Consider a diffusion process which has a drift that pushes it towards some fixed value.
Specifically, consider the example of a MLE estimator for a Bernoulli random variable, given by $\mu_t = \frac{C_t}{t}$ where $C_t$ is the count of successes. We know $\mu_t \rightarrow p$ where $p$ is the Bernoulli parameter, i.e. $C_t \sim \text{Bernoulli}(p)$.
The drift of a process is defined as $\lim_{dt\rightarrow 0} \frac{1}{dt}\mathbb{E}[\mu_{t+dt} - \mu_t | \mu_t] $.
Then, whenever $\mu_t < p$, the drift would be positive, pushing $\mu_t$ toward $p$, and vice versa.
In the continuum limit of this process, i.e. $dC_t = \sqrt{dt}$ and $dt \rightarrow 0$, this is a diffusion process. How can we define the drift? I believe it should be piecewise constant, with value depending on whether $\mu_t > p$ or $\mu_t < p$.

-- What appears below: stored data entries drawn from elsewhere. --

(* Let $n\geq2$ and $d\geq0$. Any solution $u:(d,\infty)\to\mathbb{R}^+$ of $$u''(x)=\Big[\frac{xu'(x)-u(x)}{2}+\frac{n-1}{u(x)}\Big]\big(1+(u'(x))^2\big)$$ satisfies, for some constant $\sigma=\sigma(u)\geq0$, the identity $$u(x)=2(n-1)x\int_x^\infty\frac{1}{t^2}\bigg\{\int_t^\infty\frac{s}{2}\,\frac{1+(u'(s))^2}{u(s)}\,e^{-\frac12\int_t^s z(1+(u'(z))^2)\,dz}\,ds\bigg\}dt+\sigma x$$ for all $x\in(d,\infty)$. *)

theory Defs
  imports "HOL-Analysis.Analysis"
begin

end

theory Submission
  imports Defs "HOL-Real_Asymp.Real_Asymp"
begin

text \<open>Let \<open>I s = u s - s u' s\<close> (\<open>intercept\<close>) be the height at which the tangent line at \<open>s\<close>
  meets the axis, and \<open>W\<^sub>t s = exp (- 1/2 \<integral>\<^sub>t\<^sup>s z (1 + u'\<^sup>2))\<close> (\<open>weight t\<close>). The ODE gives
  \<open>(I W\<^sub>t)' = - 2 (n - 1) k\<^sub>t\<close>, with \<open>k\<^sub>t\<close> (\<open>density t\<close>) the inner integrand. \<open>I \<ge> 0\<close>: a negative intercept turns the ODE into a Riccati
  inequality \<open>u'' \<ge> c (1 + u'\<^sup>2)\<close>, which blows up in finite time. \<open>I W\<^sub>t \<rightarrow> 0\<close>: otherwise \<open>I\<close>
  grows like \<open>exp (s\<^sup>2 / 4)\<close> and \<open>(u / s)' = - I / s\<^sup>2\<close> drives \<open>u / s\<close> below zero. Hence
  \<open>\<integral>\<^sub>t\<^sup>\<infinity> k\<^sub>t = I t / (2 (n - 1))\<close>, and since \<open>u / s\<close> decreases to some \<open>\<sigma> \<ge> 0\<close>, integrating
  \<open>- (u / s)' = I / s\<^sup>2\<close> over \<open>[x, \<infinity>)\<close> gives the representation.\<close>

lemma has_integral_atLeast_of_derivative:
  fixes G g :: "real \<Rightarrow> real"
  assumes cont: "\<And>b. continuous_on {a..b} G"
    and deriv: "\<And>x. a < x \<Longrightarrow> (G has_real_derivative g x) (at x)"
    and nonneg: "\<And>x. a \<le> x \<Longrightarrow> 0 \<le> g x"
    and lim: "(G \<longlongrightarrow> L) at_top"
  shows "(g has_integral (L - G a)) {a..}"
proof -
  have ftc: "(g has_integral (G b - G a)) {a..b}" if "a \<le> b" for b
    using that cont deriv
    by (intro fundamental_theorem_of_calculus_interior)
      (auto simp: has_real_derivative_iff_has_vector_derivative[symmetric])
  show ?thesis
  proof (rule has_integral_to_inf)
    show "g integrable_on {a..b}" for b
      by (cases "a \<le> b") (use ftc in auto)
    have "\<forall>\<^sub>F b in at_top. integral {a..b} g = G b - G a"
      using eventually_ge_at_top[of a] by eventually_elim (use ftc in \<open>auto intro: integral_unique\<close>)
    moreover have "((\<lambda>b. G b - G a) \<longlongrightarrow> L - G a) at_top"
      by (intro tendsto_intros lim)
    ultimately show "((\<lambda>b. integral {a..b} g) \<longlongrightarrow> L - G a) at_top"
      by (simp add: tendsto_cong)
  qed (use nonneg in auto)
qed

lemma integral_has_real_derivative_interior:
  fixes g :: "real \<Rightarrow> real"
  assumes "continuous_on {a..} g" and "a < x"
  shows "((\<lambda>y. integral {a..y} g) has_real_derivative g x) (at x)"
proof -
  have "at x within {a..x+1} = at x"
    using \<open>a < x\<close> by (intro at_within_interior) simp
  moreover have "continuous_on {a..x+1} g"
    using assms(1) by (rule continuous_on_subset) auto
  ultimately show ?thesis
    using integral_has_real_derivative[of a "x+1" g x] \<open>a < x\<close> by simp
qed

text \<open>Along a solution of \<open>v' \<ge> c (1 + v\<^sup>2)\<close> the function \<open>arctan v\<close> grows at rate at least \<open>c\<close>,
  but its total variation is less than \<open>pi\<close>.\<close>

lemma riccati_interval_bound:
  fixes v v' :: "real \<Rightarrow> real"
  assumes "c > 0" and "a \<le> b"
    and deriv: "\<And>x. x \<in> {a..b} \<Longrightarrow> (v has_real_derivative v' x) (at x)"
    and riccati: "\<And>x. x \<in> {a..b} \<Longrightarrow> c * (1 + (v x)\<^sup>2) \<le> v' x"
  shows "c * (b - a) < pi"
proof -
  have "arctan (v a) - c * a \<le> arctan (v b) - c * b"
  proof (rule deriv_nonneg_imp_mono[OF _ _ \<open>a \<le> b\<close>])
    fix x assume x: "x \<in> {a..b}"
    show "((\<lambda>x. arctan (v x) - c * x) has_real_derivative
        (inverse (1 + (v x)\<^sup>2) * v' x - c)) (at x)"
      by (rule derivative_eq_intros DERIV_chain2[OF DERIV_arctan] deriv[OF x] refl)+ simp
    have "0 < 1 + (v x)\<^sup>2" by (simp add: add_pos_nonneg)
    then show "0 \<le> inverse (1 + (v x)\<^sup>2) * v' x - c"
      using riccati[OF x] by (simp add: field_simps)
  qed
  moreover have "arctan (v b) - arctan (v a) < pi"
    using arctan_bounded[of "v b"] arctan_bounded[of "v a"] by simp
  ultimately show ?thesis by (simp add: algebra_simps)
qed

lemma derivative_le_neg_imp_nonpos:
  fixes q q' :: "real \<Rightarrow> real"
  assumes "c > 0"
    and deriv: "\<And>x. a \<le> x \<Longrightarrow> (q has_real_derivative q' x) (at x)"
    and bound: "\<And>x. a \<le> x \<Longrightarrow> q' x \<le> - c"
  shows "\<exists>x\<ge>a. q x \<le> 0"
proof -
  define x where "x = a + max 0 (q a) / c"
  have "a \<le> x" using \<open>c > 0\<close> by (simp add: x_def)
  have "q x + c * x \<le> q a + c * a"
  proof (rule DERIV_nonpos_imp_nonincreasing[OF \<open>a \<le> x\<close>])
    fix y assume "a \<le> y" "y \<le> x"
    have "((\<lambda>y. q y + c * y) has_real_derivative q' y + c) (at y)" "q' y + c \<le> 0"
      using deriv[OF \<open>a \<le> y\<close>] bound[OF \<open>a \<le> y\<close>] by (auto intro!: derivative_eq_intros)
    then show "\<exists>l. ((\<lambda>y. q y + c * y) has_real_derivative l) (at y) \<and> l \<le> 0"
      by blast
  qed
  then have "q x \<le> q a - max 0 (q a)"
    using \<open>c > 0\<close> by (simp add: x_def algebra_simps)
  with \<open>a \<le> x\<close> show ?thesis by (intro exI[of _ x]) auto
qed

locale shrinker_profile =
  fixes n :: nat and d :: real and u u' u'' :: "real \<Rightarrow> real"
  assumes n_ge_2: "n \<ge> 2" and d_nonneg: "d \<ge> 0"
    and u_pos: "\<And>x. x > d \<Longrightarrow> u x > 0"
    and u_deriv: "\<And>x. x > d \<Longrightarrow> (u has_real_derivative u' x) (at x)"
    and u'_deriv: "\<And>x. x > d \<Longrightarrow> (u' has_real_derivative u'' x) (at x)"
    and ode: "\<And>x. x > d \<Longrightarrow>
       u'' x = ((x * u' x - u x) / 2 + (real n - 1) / u x) * (1 + (u' x)\<^sup>2)"
begin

So first off you must work with the Poisson process with jump rate $p$ instead of directly with $C_t$. This is a reasonable assumption for large time, by basically the same logic as the Poisson approximation to the binomial. I'll call that Poisson process $C_t$ from here out.
The main idea is that the Poisson process $C_t$ itself cannot be described by a diffusion process directly at all. One must instead work with a process with at least small drift if not zero drift, because just $C_t$ when converted to a continuum limit in a naive way would either be deterministic (because $O(t/dt)$ steps of magnitude $dt$ occur and the law of large numbers kicks in) or diverge instantly (because $O(t/dt)$ steps of magnitude $(dt)^{1/2}$ occur and they tend not to cancel out because of the drift).

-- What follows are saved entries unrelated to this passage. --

lemma lift_extension_on_basis:
  assumes h: "Vector_Spaces.linear s1 s2 h" "inj_on h BS"
    and h_lift: "\<And>b. b \<in> BS \<Longrightarrow> h b \<in> W \<and> R b (h b)"
    and B: "BS \<union> A \<subseteq> B" "B \<subseteq> V" "vs1.independent B" "V \<subseteq> vs1.span B"
    and A: "A \<subseteq> Z" "BS \<inter> A = {}"
    and j: "j ` A \<subseteq> ZW" "inj_on j A" "vs2.independent (h ` BS \<union> j ` A)" "h ` BS \<inter> j ` A = {}"
  obtains f where "Vector_Spaces.linear s1 s2 f" "\<And>x. x \<in> V \<Longrightarrow> f x \<in> W \<and> R x (f x)"
    "\<And>x. x \<in> vs1.span BS \<Longrightarrow> f x = h x" "inj_on f (vs1.span (BS \<union> A))"
proof -
  obtain g where g: "\<And>x. x \<in> V \<Longrightarrow> g x \<in> W \<and> R x (g x)"
    using linear_lift_exists by blast
  define q where "q b = (if b \<in> BS then h b else if b \<in> A then j b else g b)" for b
  have q: "q b \<in> W \<and> R b (q b)" if "b \<in> B" for b
  proof (cases "b \<in> A - BS")
    case True
    then have "R b 0" using A(1) rel_zero_iff Z_subset by blast
    then show ?thesis using True j(1) rel_shift[of b 0 "j b"] ZW_subset unfolding q_def by auto
  qed (use that h_lift g B(2) in \<open>auto simp: q_def\<close>)
  define f where "f = construct B q"
  have lin: "Vector_Spaces.linear s1 s2 f" unfolding f_def by (rule linear_construct[OF B(3)])
  have f_BS: "f b = h b" if "b \<in> BS" for b
    using that construct_basis[OF B(3)] B(1) unfolding f_def q_def by auto
  have f_A: "f b = j b" if "b \<in> A" for b
  proof -
    have "b \<in> B" "b \<notin> BS" using that B(1) A(2) by blast+
    then show ?thesis using that construct_basis[OF B(3)] unfolding f_def q_def by simp
  qed
  have "inj_on f (vs1.span (BS \<union> A))"
  proof (rule inj_on_span_if_independent_image[OF lin])
    have "f ` (BS \<union> A) = h ` BS \<union> j ` A" using f_BS f_A by (metis image_Un image_cong)
    then show "vs2.independent (f ` (BS \<union> A))" using j(3) by simp
    have "inj_on f BS" using h(2) f_BS inj_on_cong by blast
    moreover have "inj_on f A" using j(2) f_A inj_on_cong by blast
    moreover have "f ` BS \<inter> f ` A = {}" using j(4) f_BS f_A by (metis image_cong)
    moreover have "BS - A = BS" "A - BS = A" using A(2) by blast+
    ultimately show "inj_on f (BS \<union> A)" by (simp add: inj_on_Un)
  qed
  moreover have "f x \<in> W \<and> R x (f x)" if "x \<in> V" for x
    using construct_lift[OF B(3) _ q] B(4) that unfolding f_def by blast
  moreover have "f x = h x" if "x \<in> vs1.span BS" for x
    using linear_eq_on[OF lin h(1) that] f_BS by blast
  ultimately show ?thesis using that[OF lin] by blast
qed

lemma lift_extension_inj_on_Z:
  assumes S: "vs1.subspace S" "S \<subseteq> V"
    and h: "Vector_Spaces.linear s1 s2 h" "inj_on h S"
    and h_lift: "\<And>x. x \<in> S \<Longrightarrow> h x \<in> W \<and> R x (h x)"
  obtains f where "Vector_Spaces.linear s1 s2 f" "\<And>x. x \<in> V \<Longrightarrow> f x \<in> W \<and> R x (f x)"
    "\<And>x. x \<in> S \<Longrightarrow> f x = h x" "inj_on f Z"
proof -
  obtain BS where BS: "BS \<subseteq> S" "vs1.independent BS" "S \<subseteq> vs1.span BS"
    using vs1.basis_exists[of S] by metis
  obtain B where B: "BS \<subseteq> B" "B \<subseteq> BS \<union> Z" "vs1.independent B" "BS \<union> Z \<subseteq> vs1.span B"
    using vs1.maximal_independent_subset_extend[of BS "BS \<union> Z"] BS(2) by blast
  have "B \<subseteq> V" using B(2) BS(1) S(2) Z_subset by blast
  then obtain B' where B': "B \<subseteq> B'" "B' \<subseteq> V" "vs1.independent B'" "V \<subseteq> vs1.span B'"
    using vs1.maximal_independent_subset_extend[OF _ B(3)] by blast
  let ?A = "B - BS"
  have B_eq: "B = BS \<union> ?A" using B(1) by blast
  have A: "?A \<subseteq> Z" "BS \<inter> ?A = {}" using B(2) by blast+
  obtain j where j: "j ` ?A \<subseteq> ZW" "inj_on j ?A" "vs2.independent (h ` BS \<union> j ` ?A)"
      "h ` BS \<inter> j ` ?A = {}"
    using injection_into_ZW[OF S h h_lift BS A(1) _ A(2)] B(3,4) B_eq by auto
  obtain f where f: "Vector_Spaces.linear s1 s2 f" "\<And>x. x \<in> V \<Longrightarrow> f x \<in> W \<and> R x (f x)"
    "\<And>x. x \<in> vs1.span BS \<Longrightarrow> f x = h x" "inj_on f (vs1.span (BS \<union> ?A))"
    using lift_extension_on_basis[OF h(1) inj_on_subset[OF h(2) BS(1)] _ _ B'(2-4) A j] h_lift BS(1)
      B'(1) B_eq by blast
  show ?thesis
    using that[OF f(1,2)] f(3) BS(3) inj_on_subset[OF f(4)] B(4) B_eq by auto
qed

lemma extends_to_isomorphism:
  assumes S: "vs1.subspace S" "S \<subseteq> V"
    and h: "Vector_Spaces.linear s1 s2 h" "inj_on h S"
    and h_lift: "\<And>x. x \<in> S \<Longrightarrow> h x \<in> W \<and> R x (h x)"
  obtains f where "Vector_Spaces.linear s1 s2 f" "f ` V = W" "inj_on f V"
    "\<And>x. x \<in> V \<Longrightarrow> R x (f x)" "\<And>x. x \<in> S \<Longrightarrow> f x = h x"
proof -
  obtain f where f: "Vector_Spaces.linear s1 s2 f" "\<And>x. x \<in> V \<Longrightarrow> f x \<in> W \<and> R x (f x)"
    "\<And>x. x \<in> S \<Longrightarrow> f x = h x" "inj_on f Z"
    using lift_extension_inj_on_Z[OF S h h_lift] by blast
  have inj: "inj_on f V"
    unfolding linear_inj_on_iff_eq_0[OF f(1) subspace_V]
  proof (intro ballI impI)
    fix x assume x: "x \<in> V" "f x = 0"
    then have "x \<in> Z" using f(2) rel_zero_iff by metis
    then show "x = 0"
      using f(4) x(2) linear_0[OF f(1)] vs1.subspace_0[OF subspace_Z] unfolding inj_on_def by metis
  qed
  have "f ` V = W"
  proof (rule vs2.subspace_dim_equal)
    show "vs2.subspace (f ` V)" using linear_subspace_image[OF f(1) subspace_V] .
    show "f ` V \<subseteq> W" using f(2) by blast
    show "vs2.dim W \<le> vs2.dim (f ` V)"
      using dim_image_eq[OF f(1)] inj subspace_V dim_eq by (simp add: vs1.span_eq_iff[THEN iffD2])
  qed (rule subspace_W)
  then show ?thesis using that f inj by blast
qed

end

locale lie_superalg =
  fixes A :: "('k::field, 'v::ab_group_add, 'm) lsa_scheme"
  assumes lie_superalgebra: "lie_superalgebra A"
begin

sublocale vector_space "sc A"
  using lie_superalgebra unfolding lie_superalgebra_def by blast

lemma ev_subspace: "subspace (ev A)"
  using lie_superalgebra unfolding lie_superalgebra_def by (elim conjE)

lemma od_subspace: "subspace (od A)"
  using lie_superalgebra unfolding lie_superalgebra_def by (elim conjE)

lemma ev_inter_od: "ev A \<inter> od A = {0}"
  using lie_superalgebra unfolding lie_superalgebra_def by (elim conjE)

lemma ev_od_decomp:
  obtains a b where "a \<in> ev A" "b \<in> od A" "x = a + b"
proof -
  have "\<forall>x. \<exists>a\<in>ev A. \<exists>b\<in>od A. x = a + b"
    using lie_superalgebra unfolding lie_superalgebra_def by (elim conjE)
  then show ?thesis using that by blast
qed

lemma br_add_left: "br A (x + y) z = br A x z + br A y z"
  using lie_superalgebra unfolding lie_superalgebra_def by (elim conjE) meson

lemma br_add_right: "br A x (y + z) = br A x y + br A x z"
  using lie_superalgebra unfolding lie_superalgebra_def by (elim conjE) meson

lemma br_scale_left: "br A (sc A c x) y = sc A c (br A x y)"
  using lie_superalgebra unfolding lie_superalgebra_def by (elim conjE) meson

lemma br_ev_ev: "x \<in> ev A \<Longrightarrow> y \<in> ev A \<Longrightarrow> br A x y \<in> ev A"
  using lie_superalgebra unfolding lie_superalgebra_def by (elim conjE) meson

In this context it makes sense to achieve the approximation by defining a time scale $T \gg 1$ and examining $c_\tau=C_{T \tau}=T \mu_\tau + T^{1/2} \sigma_\tau$ where $\mu_\tau$ is deterministic and $\sigma_\tau$ is random. Neither can depend explicitly on $T$ (if they do then our scaling was wrong).
This is a kind of analogue of van Kampen system size expansion where the large parameter is forced in by stretching out the time scale. (Note that this focus on large time is necessary, there is no way that the short time dynamics can be resolved by a diffusion process in any reasonable sense.)
In this case $\mu_\tau=p\tau$ necessarily, and then you are left to perform Taylor expansion on the master equation for the evolution of $\sigma_\tau=T^{-1/2} \left ( c_\tau-T\mu_\tau \right )=T^{-1/2} c_\tau - T^{1/2} p \tau$ in powers of the small parameter $T^{-1/2}$ in order to isolate the "microscopic drift" (if there is any) and the diffusion inside of $c_\tau$. It looks like you get that the first moment is just zero while the second moment is $T^{-1}$ times the second moment of the increment distribution of $c_\tau$ which is $pT$. So for $T \gg 1$ and $t=T\tau$ where $\tau$ is of order $1$, we have that the PDF of $\sigma_\tau$ asymptotically exists and evolves as
$$\frac{\partial f}{\partial \tau}=\frac{p}{2} \frac{\partial^2 f}{\partial x^2}.$$
Consequently the overall process $C_t$ behaves like $pt+\sqrt{p} B_t$ where $B_t$ is a Brownian motion, for large time.
Remarks:
My main source here is Gardiner Handbook of Stochastic Methods Chapter 7.